Речь Бенеди, а еще больше его пример воодушевили и разохотили всех. Сень Басараб здесь же собрал для начала немного денег, а Прийдеволя, который знал малость грамоту и которого Сень упросил к себе в помощники, отметил плотничьим карандашом на клочке оберточной бумаги от табаку, кто сколько дал. Весело разошлись побратимы, радостные надежды вспыхивали в их головах среди мрачных сумерек настоящего и озаряли их искренние, чистые сердца, подобно тому как восходящее солнце розовым блеском озаряет пустынные каменистые и печальные вершины Бескидов[156].
VIII
Осенью, когда цветы уже отцвели, медвяная пыльца осыпалась и пчелиная жатва окончилась, начинается на некоторое время громкая, шумная жизнь в ульях. Пчелы, так же как и крещеный народ, окончив свою нелегкую работу, любят погуторить, собраться кучками перед лавками и возле затворов, поболтать и потрепать крылышками. Вначале совсем нельзя понять, что это такое и к чему. Еще в улье не произошло ничего нового. Еще несколько самых старательных тружениц упорно вылетают каждый день в поле, чтобы после целого дня поисков возвратиться вечером домой с небольшой добычей на лапках. Еще сытые трутни гордо гудят, прогуливаясь возле наполненных медом кладовых и вылезая каждый божий день в полдень на крышу улья погреться на солнышке, подышать свежим воздухом, расправить и размять нерабочие крылышки. Еще, кажется, царит полное спокойствие, примерное согласие в улье. А между тем в нем уже иным духом повеяло. Пчелы-работницы как-то таинственно шепчутся между собой, подозрительно покачивают головками, зловеще стригут своими щипчиками и перебирают лапками. Кто знает, к чему это все и что готовится в пчелином царстве! Трутни, наверное, этого не знают и по-прежнему, досыта наевшись, гордо гудят, прогуливаясь возле наполненных медом кладовых и выползая каждый божий день в полдень на крышу улья погреться на солнышке, подышать свежим воздухом, расправить и размять нерабочие крылышки…

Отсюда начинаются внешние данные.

definition annihilated_by_all_rays :: "complex ^ 'n ^ 'n \<Rightarrow> complex ^ 'n ^ 'n \<Rightarrow> complex ^ 'n \<Rightarrow> bool" where
  "annihilated_by_all_rays A B \<xi> \<longleftrightarrow>
     (\<forall>q. (\<lambda>n. norm (word_act A B (ray_prefix q n) \<xi>)) \<longlonglongrightarrow> 0)"

definition periodic_ray :: "(nat \<Rightarrow> bool) \<Rightarrow> bool" where
  "periodic_ray p \<longleftrightarrow> (\<exists>w. w \<noteq> [] \<and> (\<forall>i. p i = w ! (i mod length w)))"

end

theory Submission
  imports Defs
begin

text \<open>Call \<open>x\<close> a ray vector if each \<open>(A + B)\<^sup>t x\<close> is killed by \<open>A\<close> or by
  \<open>B\<close>: its \<open>(A + B)\<close>-orbit then follows a ray, and \<open>A\<^sup>*A + B\<^sup>*B = 1\<close> makes the norm
  constant along it. If some vector is not annihilated along a ray, the norms along that ray
  decrease to a positive limit, so the components dropped at each step tend to zero and every
  limit point of the trajectory is a non-zero ray vector.
  Among non-zero ray vectors pick \<open>y\<close> maximising the dimension of its pattern space, the
  vectors whose kernel pattern along the orbit refines that of \<open>y\<close>. Since \<open>A + B\<close> is
  isometric on pattern spaces, this dimension is constant along the orbit of \<open>y\<close>. Kernel
  patterns are locally constant near non-zero ray vectors and a pattern space is determined by
  finitely many times, so two orbit points near a common limit point have the same pattern
  space. The kernel pattern of the orbit is therefore periodic from the earlier of the two on,
  and the periodic ray it defines contains that orbit point.\<close>

lemma subspace_decseq_stabilizes:
  fixes S :: "nat \<Rightarrow> 'a::euclidean_space set"
  assumes subspace: "\<And>n. subspace (S n)" and dec: "decseq S"
  shows "\<exists>L. S L \<subseteq> (\<Inter>n. S n)"
proof -
  obtain L where L: "\<And>n. dim (S L) \<le> dim (S n)"
    using ex_has_least_nat[of "\<lambda>_. True" 0 "\<lambda>n. dim (S n)"] by blast
  have "S L \<subseteq> S n" for n
  proof -
    have "S (max L n) \<subseteq> S L" "S (max L n) \<subseteq> S n"
      using dec by (simp_all add: decseq_def)
    moreover have "S (max L n) = S L"
      using subspace_dim_equal[OF subspace subspace _ L] \<open>S (max L n) \<subseteq> S L\<close> by blast
    ultimately show ?thesis by simp
  qed
  then show ?thesis by blast
qed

Вот на такой улей начал походить Борислав спустя несколько дней после описанного совещания. Кто знает, откуда и как, — достаточно того, что новым духом повеяло в Бориславе. И если обычно новая струя свежего воздуха прежде всего и сильнее всего бывает заметна в верхних слоях, то здесь произошло совсем обратное. Нижние, густые и серые слои первые почуяли новое веяние, первые всколыхнулись от него. И кто его знает, откуда и как оно началось! Ни с того ни с сего возле корб и шинков, возле складов воска, в шинках за горелкой — всюду начались среди нефтяников разговоры о том, как тяжело всем жить, какая тяжелая работа в Бориславе и как богачи без суда, без права, самовольно все больше и больше урывают из жалованья, обижают и обманывают, помыкают ими, да еще и высмеивают одураченных рабочих. И никто не смог бы сказать, от кого начались эти разговоры, потому что все, о чем говорилось, каждый слишком хорошо испытал на собственной шкуре. Раз начавшись, разговоры эти уже не утихали и все более распространялись, становились все сильнее и громче. Все как будто только теперь увидели свое печальное, безвыходное положение, ни о чем ином и говорить не хотели, и каждый разговор оканчивался мучительным, тяжелым вопросом: «Господи, неужто нам вечно так мучиться? Неужто нет для нас выхода? Неужто нельзя нашему горю пособить?» Но помощи не было ниоткуда. А разговоры об этом не утихали, наоборот — становились все громче и острее. Люди, которые вначале говорили о своем горе равнодушно, как о неизбежном зле, после глубокого раздумья и после долгих разговоров со знакомыми, задушевными друзьями и старшими рабочими или вообще бывалыми людьми убеждались, что здесь что-то не так, что горю можно пособить, но, не видя и не зная, как это сделать, начинали проявлять нетерпение, взбудораженные, ходили и говорили, словно в лихорадке, жадно ловили каждое слово, которое могло бы им прояснить их беспросветное положение. До самых далеких хаток, до самых темных углов доходили эти разговоры, разбегались во все стороны, словно огонь по сухой соломе. Ребятишки, таскавшие глину, девчата и молодицы, которые выбирали в кошарах воск из глины, и те заговорили о своем бедственном положении, о том, что им непременно нужно как-нибудь договориться между собой и искать для себя спасения.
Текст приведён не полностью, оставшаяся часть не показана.